The same fundamental question arises in the noncommercial space: how can there be a privacy problem if the lives on display are not fully real?67 Can you have any sort of privacy interest in a depiction that is part fiction rather than all fact? The short answer is that there is a privacy problem when the portrayal draws significant material from real life, is held forth as real life, and in some fashion loops back in to inform real life.
The longer answer is that the same factors around audience, authorship, and accessibility are salient in the lay sharent realm, just as they are in the commercial sharenting space. The impact and emphasis of each differ when we’re talking about millions of viewers and a paycheck as opposed to mom’s friends from college and “playbor” (activities that blend play and profit motives).68 But there is a financial dimension even in the noncommercial realm: parents, teachers, and other trusted adults receive free or lower-cost digital services by “paying” for them with children’s data. The rise of the child digital day laborer, both in commercial and noncommercial spaces, is examined further in the following chapter.

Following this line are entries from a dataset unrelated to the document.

lemma nonzero_cubes_eq: "nonzero_cubes = {c::'a. c \<noteq> 0 \<and> c ^ card (nonzero_cubes :: 'a set) = 1}"
proof -
  let ?R = "{c::'a. c \<noteq> 0 \<and> c ^ card (nonzero_cubes :: 'a set) = 1}"
  have sub: "nonzero_cubes \<subseteq> ?R"
  proof
    fix c :: 'a assume "c \<in> nonzero_cubes"
    then obtain y where y: "y \<noteq> 0" "c = y^3"
      by (auto simp: nonzero_cubes_def)
    then have "c ^ card (nonzero_cubes :: 'a set) = y ^ (CARD('a) - 1)"
      unfolding card_nonzero_cubes by (simp add: power_mult)
    then show "c \<in> ?R"
      using y finite_field_power_CARD_minus_1[OF y(1)] by simp
  qed
  define p :: "'a poly" where "p = monom 1 (card (nonzero_cubes :: 'a set)) - 1"
  have poly_p: "poly p x = x ^ card (nonzero_cubes :: 'a set) - 1" for x
    by (simp add: p_def poly_monom)
  have "p \<noteq> 0"
  proof
    assume "p = 0"
    then show False
      using poly_p[of 0] card_nonzero_cubes_pos by (simp add: power_0_left card_gt_0_iff)
  qed
  have "card ?R \<le> card {x. poly p x = 0}"
    by (rule card_mono) (auto simp: poly_p)
  also have "\<dots> \<le> degree p"
    by (rule card_poly_roots_bound) fact
  also have "\<dots> \<le> card (nonzero_cubes :: 'a set)"
    unfolding p_def by (rule degree_diff_le) (auto simp: degree_monom_le)
  finally have "card ?R \<le> card (nonzero_cubes :: 'a set)" .
  moreover have "card (nonzero_cubes :: 'a set) \<le> card ?R"
    by (rule card_mono[OF _ sub]) simp
  ultimately show ?thesis
    by (intro card_subset_eq[OF _ sub]) simp_all
qed
(* Let $K$ be a field, $\nu$ a valuation on $K[x]$, and $\mathbf{Q}\subseteq K[x]$ a set of monic nonconstant polynomials such that: (1) $\nu_Q$ is a valuation on $K[x]$ for every $Q\in\mathbf{Q}$; (2) for every finite nonempty subset $\mathcal F\subseteq\mathbf{Q}$ there exists $Q'\in\mathcal F$ with $\nu_{Q'}(Q)=\nu(Q)$ for every $Q\in\mathcal F$; (3) $\mathbf{Q}$ satisfies (GS1$^*$). Then $\mathbf{Q}$ is a complete set for $\nu$.
   Context: $\nu:K[x]\to\Gamma\cup\{\infty\}$ is a valuation ($\Gamma$ an ordered abelian group) with $\nu(f)=\infty$ only for $f=0$. For monic nonconstant $Q$, the $Q$-expansion of $f$ is the unique expression $f=f_0+f_1Q+\dots+f_nQ^n$ with each $f_i=0$ or $\deg f_i<\deg Q$, and $\nu_Q(f)=\min_i\nu(f_iQ^i)$. A set $\mathbf{Q}$ of monic nonconstant polynomials is complete for $\nu$ if for every nonconstant $f\in K[x]$ there is $Q\in\mathbf{Q}$ with $\deg Q\le\deg f$ and $\nu_Q(f)=\nu(f)$. For finitely supported $\lambda:\mathbf{Q}\to\mathbb{N}_0$ let $\mathbf{Q}^\lambda=\prod_{\lambda(Q)\neq0}Q^{\lambda(Q)}$. (GS1$^*$): for every $f\in K[x]$ there exist $r\ge0$, $a_1,\dots,a_r\in K$ and finitely supported $\lambda_1,\dots,\lambda_r:\mathbf{Q}\to\mathbb{N}_0$ with $f=\sum_{i=1}^ra_i\mathbf{Q}^{\lambda_i}$, $\nu(a_i\mathbf{Q}^{\lambda_i})\ge\nu(f)$ for all $i$, and $\deg Q\le\deg f$ whenever $\lambda_i(Q)\ne0$ for some $i$. *)

theory Defs
  imports "HOL-Computational_Algebra.Polynomial"
begin

(* A valuation nu : K[x] -> Gamma \<union> {\<infinity>} with nu f = \<infinity> iff f = 0 is represented by
   its restriction v : K[x] -> Gamma to nonzero polynomials; the value v 0 is irrelevant
   and stands for \<infinity>. *)
definition valuation :: "('a::field poly \<Rightarrow> 'g::linordered_ab_group_add) \<Rightarrow> bool" where
  "valuation v \<longleftrightarrow>
     (\<forall>f g. f \<noteq> 0 \<longrightarrow> g \<noteq> 0 \<longrightarrow> v (f * g) = v f + v g) \<and>
     (\<forall>f g. f \<noteq> 0 \<longrightarrow> g \<noteq> 0 \<longrightarrow> f + g \<noteq> 0 \<longrightarrow> min (v f) (v g) \<le> v (f + g))"

definition monic_nonconst :: "'a::field poly \<Rightarrow> bool" where
  "monic_nonconst Q \<longleftrightarrow> lead_coeff Q = 1 \<and> degree Q > 0"

definition qexp :: "'a::field poly \<Rightarrow> 'a poly \<Rightarrow> nat \<Rightarrow> 'a poly" where
  "qexp Q f = (THE c. finite {i. c i \<noteq> 0} \<and>
                      (\<forall>i. c i = 0 \<or> degree (c i) < degree Q) \<and>
                      f = (\<Sum>i\<in>{i. c i \<noteq> 0}. c i * Q ^ i))"

definition nuQ :: "('a::field poly \<Rightarrow> 'g::linordered_ab_group_add) \<Rightarrow> 'a poly \<Rightarrow> 'a poly \<Rightarrow> 'g" where
  "nuQ v Q f = Min {v (qexp Q f i * Q ^ i) | i. qexp Q f i \<noteq> 0}"

definition complete_set :: "('a::field poly \<Rightarrow> 'g::linordered_ab_group_add) \<Rightarrow> 'a poly set \<Rightarrow> bool" where
  "complete_set v Qs \<longleftrightarrow>
     (\<forall>f. degree f > 0 \<longrightarrow> (\<exists>Q\<in>Qs. degree Q \<le> degree f \<and> nuQ v Q f = v f))"

definition Qpow :: "('a::field poly \<Rightarrow> nat) \<Rightarrow> 'a poly" where
  "Qpow lam = (\<Prod>Q\<in>{Q. lam Q \<noteq> 0}. Q ^ lam Q)"

(* GS1-star; nu(a_i Q^lambda_i) \<ge> nu(f) with the convention nu(0) = \<infinity> *)
definition GS1_star :: "('a::field poly \<Rightarrow> 'g::linordered_ab_group_add) \<Rightarrow> 'a poly set \<Rightarrow> bool" where
  "GS1_star v Qs \<longleftrightarrow>
     (\<forall>f. \<exists>(r::nat) (a::nat \<Rightarrow> 'a) (lam::nat \<Rightarrow> 'a poly \<Rightarrow> nat).
        (\<forall>i<r. finite {Q. lam i Q \<noteq> 0} \<and> {Q. lam i Q \<noteq> 0} \<subseteq> Qs) \<and>
        f = (\<Sum>i<r. smult (a i) (Qpow (lam i))) \<and>
        (\<forall>i<r. smult (a i) (Qpow (lam i)) \<noteq> 0 \<longrightarrow>
                 f \<noteq> 0 \<and> v (smult (a i) (Qpow (lam i))) \<ge> v f) \<and>
        (\<forall>i<r. \<forall>Q. lam i Q \<noteq> 0 \<longrightarrow> degree Q \<le> degree f))"

end

theory Submission
  imports Defs
begin

text \<open>
  Given a nonconstant f, (GS1*) writes it as a sum of monomials a_i Q^lambda_i in finitely
  many Q of degree at most deg f, each of value at least nu(f). Hypothesis (2) yields one Q'
  among them with nu_Q' = nu on all of them; as both are valuations and nu_Q' agrees with nu
  on constants, they agree on every monomial, so the ultrametric inequality for nu_Q' gives
  nu_Q'(f) \<ge> nu(f). The reverse inequality nu_Q(f) \<le> nu(f) holds for every Q, by the
  ultrametric inequality for nu applied to the Q-expansion of f.
\<close>

definition is_qexp :: "'a::field poly \<Rightarrow> 'a poly \<Rightarrow> (nat \<Rightarrow> 'a poly) \<Rightarrow> bool" where
  "is_qexp Q f c \<longleftrightarrow> finite {i. c i \<noteq> 0} \<and>
     (\<forall>i. c i = 0 \<or> degree (c i) < degree Q) \<and>
     f = (\<Sum>i\<in>{i. c i \<noteq> 0}. c i * Q ^ i)"

lemma qexp_altdef: "qexp Q f = (THE c. is_qexp Q f c)"
  unfolding qexp_def is_qexp_def ..

lemma sum_support_shift:
  fixes c :: "nat \<Rightarrow> 'a::comm_semiring_1"
  assumes "finite {i. c i \<noteq> 0}"
  shows "(\<Sum>i\<in>{i. c i \<noteq> 0}. c i * q ^ i) =
         c 0 + q * (\<Sum>i\<in>{i. c (Suc i) \<noteq> 0}. c (Suc i) * q ^ i)"
proof -
  obtain N where "{i. c i \<noteq> 0} \<subseteq> {..<N}"
    using assms finite_nat_iff_bounded by blast
  then have N: "{i. c i \<noteq> 0} \<subseteq> {..<Suc N}" by auto
  have shifted: "{i. c (Suc i) \<noteq> 0} \<subseteq> {..<N}"
    using N by auto
  have "(\<Sum>i\<in>{i. c i \<noteq> 0}. c i * q ^ i) = (\<Sum>i<Suc N. c i * q ^ i)"
    by (rule sum.mono_neutral_left) (use N in auto)
  also have "\<dots> = c 0 + q * (\<Sum>i<N. c (Suc i) * q ^ i)"
    unfolding sum.lessThan_Suc_shift by (simp add: sum_distrib_left mult_ac)
  also have "(\<Sum>i<N. c (Suc i) * q ^ i) = (\<Sum>i\<in>{i. c (Suc i) \<noteq> 0}. c (Suc i) * q ^ i)"
    by (rule sum.mono_neutral_right) (use shifted in auto)
  finally show ?thesis .
qed

lemma is_qexp_iff_div_mod:
  assumes "degree Q > 0"
  shows "is_qexp Q f c \<longleftrightarrow> c 0 = f mod Q \<and> is_qexp Q (f div Q) (\<lambda>i. c (Suc i))"
proof -
  have Q: "Q \<noteq> 0" using assms by auto
  have supp: "finite {i. c i \<noteq> 0} \<longleftrightarrow> finite {i. c (Suc i) \<noteq> 0}"
  proof -
    have "{i. c i \<noteq> 0} \<subseteq> insert 0 (Suc ` {i. c (Suc i) \<noteq> 0})"
      using not0_implies_Suc by (fastforce simp: image_iff)
    moreover have "{i. c (Suc i) \<noteq> 0} = Suc -` {i. c i \<noteq> 0}" by auto
    ultimately show ?thesis
      by (metis finite_imageI finite_insert finite_subset finite_vimageI inj_Suc)
  qed
  have deg: "(\<forall>i. c i = 0 \<or> degree (c i) < degree Q) \<longleftrightarrow>
      (c 0 = 0 \<or> degree (c 0) < degree Q) \<and> (\<forall>i. c (Suc i) = 0 \<or> degree (c (Suc i)) < degree Q)"
    by (metis not0_implies_Suc)
  show ?thesis
  proof
    assume c: "is_qexp Q f c"
    define g where "g = (\<Sum>i\<in>{i. c (Suc i) \<noteq> 0}. c (Suc i) * Q ^ i)"
    have f: "f = c 0 + Q * g"
      using c sum_support_shift unfolding is_qexp_def g_def by blast
    have c0: "degree (c 0) < degree Q"
      using c assms unfolding is_qexp_def by (metis degree_0)
    have "f div Q = g" "f mod Q = c 0"
      using f Q c0 by (simp_all add: div_poly_less mod_poly_less)
    then show "c 0 = f mod Q \<and> is_qexp Q (f div Q) (\<lambda>i. c (Suc i))"
      using c supp deg unfolding is_qexp_def g_def by simp
  next
    assume c: "c 0 = f mod Q \<and> is_qexp Q (f div Q) (\<lambda>i. c (Suc i))"
    have "f = f mod Q + Q * (f div Q)" by simp
    also have "\<dots> = c 0 + Q * (\<Sum>i\<in>{i. c (Suc i) \<noteq> 0}. c (Suc i) * Q ^ i)"
      using c unfolding is_qexp_def by simp
    also have "\<dots> = (\<Sum>i\<in>{i. c i \<noteq> 0}. c i * Q ^ i)"
      using c supp unfolding is_qexp_def by (simp add: sum_support_shift)
    finally have "f = (\<Sum>i\<in>{i. c i \<noteq> 0}. c i * Q ^ i)" .
    moreover have "c 0 = 0 \<or> degree (c 0) < degree Q"
      using c degree_mod_less[OF Q] by simp
    ultimately show "is_qexp Q f c"
      using c supp deg unfolding is_qexp_def by blast
  qed
qed

lemma is_qexp_coeff:
  assumes "degree Q > 0" and "is_qexp Q f c"
  shows "c i = f div Q ^ i mod Q"
  using assms(2)
proof (induction i arbitrary: f c)
  case 0
  then show ?case using is_qexp_iff_div_mod[OF assms(1), THEN iffD1] by simp
next
  case (Suc i)
  have "is_qexp Q (f div Q) (\<lambda>j. c (Suc j))"
    using is_qexp_iff_div_mod[OF assms(1), THEN iffD1, OF Suc.prems] ..
  from Suc.IH[OF this] show ?case by (simp add: poly_div_mult_right)
qed

lemma is_qexp_exists:
  assumes "degree Q > 0"
  shows "\<exists>c. is_qexp Q f c"
proof (induction "degree f" arbitrary: f rule: less_induct)
  case less
  have "\<exists>d. is_qexp Q (f div Q) d"
  proof (cases "f div Q = 0")
    case True
    have "is_qexp Q 0 (\<lambda>_. 0)" unfolding is_qexp_def by simp
    then show ?thesis using True by auto
  next
    case False
    then have "degree (f div Q) < degree f"
      using assms by (intro degree_div_less) (auto simp: div_poly_eq_0_iff)
    then show ?thesis by (rule less)
  qed
  then obtain d where "is_qexp Q (f div Q) d" ..
  then have "is_qexp Q f (case_nat (f mod Q) d)"
    by (intro is_qexp_iff_div_mod[OF assms, THEN iffD2]) simp
  then show ?case by blast
qed

lemma qexp_eqI:
  assumes "degree Q > 0" and c: "is_qexp Q f c"
  shows "qexp Q f = c"
  unfolding qexp_altdef
proof (rule the_equality)
  fix d assume "is_qexp Q f d"
  then show "d = c" using c by (simp add: is_qexp_coeff[OF assms(1)] fun_eq_iff)
qed (rule c)

lemma is_qexp_qexp:
  assumes "degree Q > 0"
  shows "is_qexp Q f (qexp Q f)"
  using is_qexp_exists[OF assms] qexp_eqI[OF assms] by metis

lemma qexp_const:
  assumes "degree Q > 0"
  shows "qexp Q [:a:] i = (if i = 0 then [:a:] else 0)"
proof -
  obtain c where c: "is_qexp Q [:a:] c" using is_qexp_exists[OF assms] ..
  have "Q \<noteq> 0" using assms by auto
  then have "degree [:a:] < degree (Q ^ i)" if "i > 0"
    using assms that by (simp add: degree_power_eq)
  then show ?thesis
    using assms is_qexp_coeff[OF assms c, of i] qexp_eqI[OF assms c]
    by (auto simp: div_poly_less mod_poly_less)
qed

lemma nuQ_const:
  assumes "degree Q > 0" and "a \<noteq> 0"
  shows "nuQ v Q [:a:] = v [:a:]"
proof -
  have "{v (qexp Q [:a:] i * Q ^ i) | i. qexp Q [:a:] i \<noteq> 0} = {v [:a:]}"
    using assms by (auto simp: qexp_const)
  then show ?thesis unfolding nuQ_def by simp
qed

lemma valuation_mult:
  assumes "valuation v" and "f \<noteq> 0" and "g \<noteq> 0"
  shows "v (f * g) = v f + v g"
  using assms unfolding valuation_def by blast

lemma valuation_one:
  assumes "valuation v"
  shows "v 1 = 0"
proof -
  have "v (1 * 1) = v 1 + v 1"
    using assms unfolding valuation_def by (metis one_neq_zero)
  then show ?thesis by simp
qed

lemma valuation_add_ge:
  assumes "valuation v" and "f \<noteq> 0" and "g \<noteq> 0" and "f + g \<noteq> 0"
  shows "min (v f) (v g) \<le> v (f + g)"
  using assms unfolding valuation_def by blast
lemma cone_density_deriv_decomposition:
  "cone_density_deriv \<tau> y s \<phi> = slice_potential_deriv \<tau> y s \<phi> + 2 * \<tau> * energy_current_div (cone_point \<tau> y s \<phi>)"
  unfolding cone_density_deriv_def slice_potential_deriv_def energy_deriv_def tube_flux_deriv_def
    energy_current_div_def blinfun_apply_u_r_direction
  by (simp add: algebra_simps)

lemma has_real_derivative_cone_density:
  assumes "\<tau> \<in> {0..T}" "y \<in> {0..1}" "s \<in> {-1..1}"
  shows "((\<lambda>\<tau>. cone_density \<tau> y s \<phi>) has_real_derivative cone_density_deriv \<tau> y s \<phi>) (at \<tau> within {0..T})"
proof -
  have "((\<lambda>\<tau>. energy (cone_point \<tau> y s \<phi>)) has_real_derivative
      energy_deriv (cone_point \<tau> y s \<phi>) (1 - y, y, 0, 0)) (at \<tau> within {0..T})"
    using assms by (intro has_real_derivative_energy cone_point_in_D_T cone_point_vector_derivative_tau) auto
  from DERIV_mult[OF DERIV_ident this] show ?thesis
    unfolding cone_density_def cone_density_deriv_def by (simp add: mult.commute)
qed

lemma has_real_derivative_slice_potential:
  assumes "\<tau> \<in> {0..T}" "y \<in> {0..1}" "s \<in> {-1..1}"
  shows "((\<lambda>y. slice_potential \<tau> y s \<phi>) has_real_derivative slice_potential_deriv \<tau> y s \<phi>) (at y within {0..1})"
proof -
  have in_D: "\<And>y. y \<in> {0..1} \<Longrightarrow> cone_point \<tau> y s \<phi> \<in> D_T r0 T"
    using assms by (simp add: cone_point_in_D_T)
  show ?thesis
    unfolding slice_potential_def slice_potential_deriv_def
    using has_real_derivative_energy[OF in_D cone_point_vector_derivative_y assms(2)]
      has_real_derivative_tube_flux[OF in_D cone_point_vector_derivative_y assms(2)]
    by (auto intro!: derivative_eq_intros)
qed

lemma continuous_on_cone_density_deriv:
  "continuous_on ({0..T} \<times> cone_box) (\<lambda>(\<tau>, y, s, \<phi>). cone_density_deriv \<tau> y s \<phi>)"
  unfolding cone_density_deriv_def energy_def energy_deriv_def blinfun_apply_u_r_direction split_beta
  by (intro continuous_intros) (auto simp: cone_box_eq intro!: cone_point_in_D_T)

lemma continuous_on_slice_potential_deriv:
  "\<tau> \<in> {0..T} \<Longrightarrow> continuous_on cone_box (\<lambda>(y, s, \<phi>). slice_potential_deriv \<tau> y s \<phi>)"
  unfolding slice_potential_deriv_def energy_def energy_deriv_def tube_flux_deriv_def
    blinfun_apply_u_r_direction split_beta
  by (intro continuous_intros) (auto simp: cone_box_eq intro!: cone_point_in_D_T)

lemma continuous_on_energy_current_div_cone:
  "\<tau> \<in> {0..T} \<Longrightarrow> continuous_on cone_box (\<lambda>(y, s, \<phi>). energy_current_div (cone_point \<tau> y s \<phi>))"
  unfolding energy_current_div_def split_beta
  by (intro continuous_intros) (auto simp: cone_box_eq intro!: cone_point_in_D_T)

definition cone_energy :: "real \<Rightarrow> real" where
  "cone_energy \<tau> = integral cone_box (\<lambda>(y, s, \<phi>). cone_density \<tau> y s \<phi>)"

definition initial_sphere_integral :: "real \<Rightarrow> real" where
  "initial_sphere_integral x = integral angle_box (\<lambda>(s, \<phi>). (R (0, r0 + x, s, \<phi>))\<^sup>2)"

definition tube_sphere_integral :: "real \<Rightarrow> real" where
  "tube_sphere_integral u = integral angle_box (\<lambda>(s, \<phi>). tube_flux (u, r0, s, \<phi>))"

lemma cone_energy_has_derivative:
  assumes "\<tau> \<in> {0..T}"
  shows "(cone_energy has_real_derivative integral cone_box (\<lambda>(y, s, \<phi>). cone_density_deriv \<tau> y s \<phi>))
    (at \<tau> within {0..T})"
proof -
  have "(\<lambda>(y, s, \<phi>). cone_density x y s \<phi>) integrable_on cone_box" if "x \<in> {0..T}" for x
    using that unfolding cone_density_def energy_def split_beta
    by (intro integrable_continuous continuous_intros) (auto simp: cone_box_eq intro!: cone_point_in_D_T)
  then show ?thesis
    unfolding cone_energy_def[abs_def] using assms continuous_on_cone_density_deriv
    by (intro leibniz_rule_field_derivative) (auto simp: cone_box_eq intro!: has_real_derivative_cone_density)
qed

lemma integral_slice_potential_deriv:
  assumes "\<tau> \<in> {0..T}" "s \<in> {-1..1}"
  shows "integral {0..1} (\<lambda>y. slice_potential_deriv \<tau> y s \<phi>) = 2 * (R (0, r0 + \<tau>, s, \<phi>))\<^sup>2 + tube_flux (\<tau>, r0, s, \<phi>)"
proof -
  have "((\<lambda>y. slice_potential_deriv \<tau> y s \<phi>) has_integral slice_potential \<tau> 1 s \<phi> - slice_potential \<tau> 0 s \<phi>) {0..1}"
    using assms has_real_derivative_slice_potential
    by (intro fundamental_theorem_of_calculus) (auto simp: has_real_derivative_iff_has_vector_derivative[symmetric])
  moreover have "slice_potential \<tau> 1 s \<phi> - slice_potential \<tau> 0 s \<phi> = 2 * (R (0, r0 + \<tau>, s, \<phi>))\<^sup>2 + tube_flux (\<tau>, r0, s, \<phi>)"
    by (simp add: slice_potential_def cone_point_def energy_def tube_flux_def)
  ultimately show ?thesis
    by (simp add: integral_unique)
qed

lemma integral_cone_box_slice_potential_deriv:
  assumes "\<tau> \<in> {0..T}"
  shows "integral cone_box (\<lambda>(y, s, \<phi>). slice_potential_deriv \<tau> y s \<phi>)
    = 2 * initial_sphere_integral \<tau> + tube_sphere_integral \<tau>"
proof -
  define f where "f y = (\<lambda>(s, \<phi>). slice_potential_deriv \<tau> y s \<phi>)" for y
  have cont: "continuous_on (cbox (0, -1, 0) (1, 1, 2 * pi)) (\<lambda>(y, t). f y t)"
    using continuous_on_slice_potential_deriv[OF assms] by (simp add: f_def case_prod_unfold)
  have "integral cone_box (\<lambda>(y, t). f y t) = integral (cbox 0 1) (\<lambda>y. integral angle_box (f y))"
    using integral_prod_continuous[OF cont] by simp
  also have "\<dots> = integral angle_box (\<lambda>t. integral (cbox 0 1) (\<lambda>y. f y t))"
    using cont by (rule integral_swap_continuous)
  also have "\<dots> = integral angle_box (\<lambda>(s, \<phi>). 2 * (R (0, r0 + \<tau>, s, \<phi>))\<^sup>2 + tube_flux (\<tau>, r0, s, \<phi>))"
    using assms by (intro integral_cong) (auto simp: f_def angle_box_eq cbox_interval integral_slice_potential_deriv)
  also have "\<dots> = 2 * initial_sphere_integral \<tau> + tube_sphere_integral \<tau>"
  proof -
    have "continuous_on angle_box (\<lambda>(s, \<phi>). (R (0, r0 + \<tau>, s, \<phi>))\<^sup>2)"
      "continuous_on angle_box (\<lambda>(s, \<phi>). tube_flux (\<tau>, r0, s, \<phi>))"
      using assms unfolding tube_flux_def split_beta by (auto simp: angle_box_eq intro!: continuous_intros)
    then show ?thesis
      unfolding initial_sphere_integral_def tube_sphere_integral_def split_beta
      by (subst integral_add) (auto intro!: integrable_continuous continuous_intros)
  qed
  finally show ?thesis
    by (simp add: f_def case_prod_unfold)
qed

lemma integral_cone_box_cone_density_deriv:
  assumes "\<tau> \<in> {0..T}"
  shows "integral cone_box (\<lambda>(y, s, \<phi>). cone_density_deriv \<tau> y s \<phi>)
    = 2 * initial_sphere_integral \<tau> + tube_sphere_integral \<tau>
      + 2 * \<tau> * integral cone_box (\<lambda>(y, s, \<phi>). energy_current_div (cone_point \<tau> y s \<phi>))"
  using continuous_on_slice_potential_deriv[OF assms] continuous_on_energy_current_div_cone[OF assms]
    integral_cone_box_slice_potential_deriv[OF assms]
  unfolding cone_density_deriv_decomposition case_prod_unfold
  by (subst integral_add) (auto intro!: integrable_continuous continuous_intros)

lemma continuous_on_initial_sphere_integral: "continuous_on {0..T} initial_sphere_integral"
  unfolding initial_sphere_integral_def[abs_def]
  by (intro integral_continuous_on_param) (auto simp: split_beta angle_box_eq intro!: continuous_intros)

lemma continuous_on_tube_sphere_integral: "continuous_on {0..T} tube_sphere_integral"
  unfolding tube_sphere_integral_def[abs_def] tube_flux_def
  by (intro integral_continuous_on_param) (auto simp: split_beta angle_box_eq intro!: continuous_intros)

lemma cone_energy_balance_has_derivative:
  assumes "\<tau> \<in> {0..T}"
  shows "((\<lambda>\<tau>. cone_energy \<tau> - 2 * integral {0..\<tau>} initial_sphere_integral - integral {0..\<tau>} tube_sphere_integral)
      has_real_derivative 2 * \<tau> * integral cone_box (\<lambda>(y, s, \<phi>). energy_current_div (cone_point \<tau> y s \<phi>)))
    (at \<tau> within {0..T})"
  using cone_energy_has_derivative[OF assms] integral_cone_box_cone_density_deriv[OF assms]
    integral_has_real_derivative[OF continuous_on_initial_sphere_integral assms]
    integral_has_real_derivative[OF continuous_on_tube_sphere_integral assms]
  by (auto intro!: derivative_eq_intros)

lemma cone_energy_eq_integral:
  assumes "0 \<le> T"
  shows "cone_energy T = integral (cbox (r0, -1, 0) (T + r0, 1, 2 * pi))
    (\<lambda>(r, s, \<phi>). (R (T + r0 - r, r, s, \<phi>))\<^sup>2 + (P (T + r0 - r, r, s, \<phi>))\<^sup>2 + (Q (T + r0 - r, r, s, \<phi>))\<^sup>2)"
proof -
  define h where "h r = integral angle_box (\<lambda>(s, \<phi>). energy (T + r0 - r, r, s, \<phi>))" for r
  have cont: "continuous_on ({r0..T + r0} \<times> angle_box) (\<lambda>(r, s, \<phi>). energy (T + r0 - r, r, s, \<phi>))"
    unfolding energy_def split_beta by (auto simp: angle_box_eq intro!: continuous_intros)
  have "cone_energy T = integral {0..1} (\<lambda>y. integral angle_box (\<lambda>(s, \<phi>). cone_density T y s \<phi>))"
    unfolding cone_energy_def using assms
    by (intro integral_cbox_Pair_continuous)
      (auto simp: cone_density_def energy_def split_beta angle_box_eq intro!: continuous_intros cone_point_in_D_T)
  also have "\<dots> = integral {0..1} (\<lambda>y. T *\<^sub>R h (r0 + T * y))"
    by (simp add: h_def cone_density_def cone_point_def case_prod_unfold algebra_simps)
  also have "\<dots> = integral {r0 + T * 0..r0 + T * 1} h"
  proof (rule integral_unique, rule has_integral_substitution)
    show "continuous_on {r0..T + r0} h"
      unfolding h_def[abs_def] using cont by (rule integral_continuous_on_param)
  qed (use assms in \<open>auto intro!: derivative_eq_intros mult_left_le\<close>)
  also have "\<dots> = integral (cbox (r0, -1, 0) (T + r0, 1, 2 * pi)) (\<lambda>(r, s, \<phi>). energy (T + r0 - r, r, s, \<phi>))"
    by (subst integral_cbox_Pair_continuous[OF cont]) (simp add: h_def[abs_def] add.commute)
  finally show ?thesis
    by (simp add: energy_def)
qed

lemma integral_initial_sphere_integral:
  "integral {0..T} initial_sphere_integral =
    integral (cbox (r0, -1, 0) (T + r0, 1, 2 * pi)) (\<lambda>(r, s, \<phi>). (R (0, r, s, \<phi>))\<^sup>2)"
proof -
  have "integral {0..T} initial_sphere_integral = integral {r0..T + r0} (\<lambda>r. initial_sphere_integral (r - r0))"
    using integral_shift_real_ivl[where f = "\<lambda>r. initial_sphere_integral (r - r0)" and a = r0 and b = "T + r0" and c = r0]
    by simp
  also have "\<dots> = integral (cbox (r0, -1, 0) (T + r0, 1, 2 * pi)) (\<lambda>(r, s, \<phi>). (R (0, r, s, \<phi>))\<^sup>2)"
    by (subst integral_cbox_Pair_continuous)
      (auto simp: initial_sphere_integral_def split_beta angle_box_eq intro!: continuous_intros)
  finally show ?thesis .
qed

Here’s the basic equation for both commercial and noncommercial sharenting. Parents are inviting in a wide and uncontainable audience whose members may lack any actual connection to the family or children.69 Parents are holding out their child’s actions as authentic, eliding their own role as creator. And parents are giving their child a part that bears his name, that lives in his house, and that is understood by the child to be him. At some point, he will likely become aware of the viewing public’s reaction to this portrayal. Regardless of any explicit financial stakes in the commercial realm, there is likely to be a “life imitates art imitates life” cycle that develops in which the child’s choices, experience of the world, and felt sense of self are filtered through the sharenting lens.
What do you think that children’s and adolescents’ sense of self should be worth? Would you farm your kids out to a warehouse to work for free so you could get all the DVDs you want? Clearly not. So why are you comfortable sharing their toilet-training dilemmas online to generate revenue for your sharenting enterprise or in exchange for ostensibly free access to all the social media services you could want? And why does our legal system let you make these choices? The next chapter looks at the dominant myths that our legal system holds about children, parents, families, and other adults that make adults’ stealth digital attack on childhood and adolescence possible.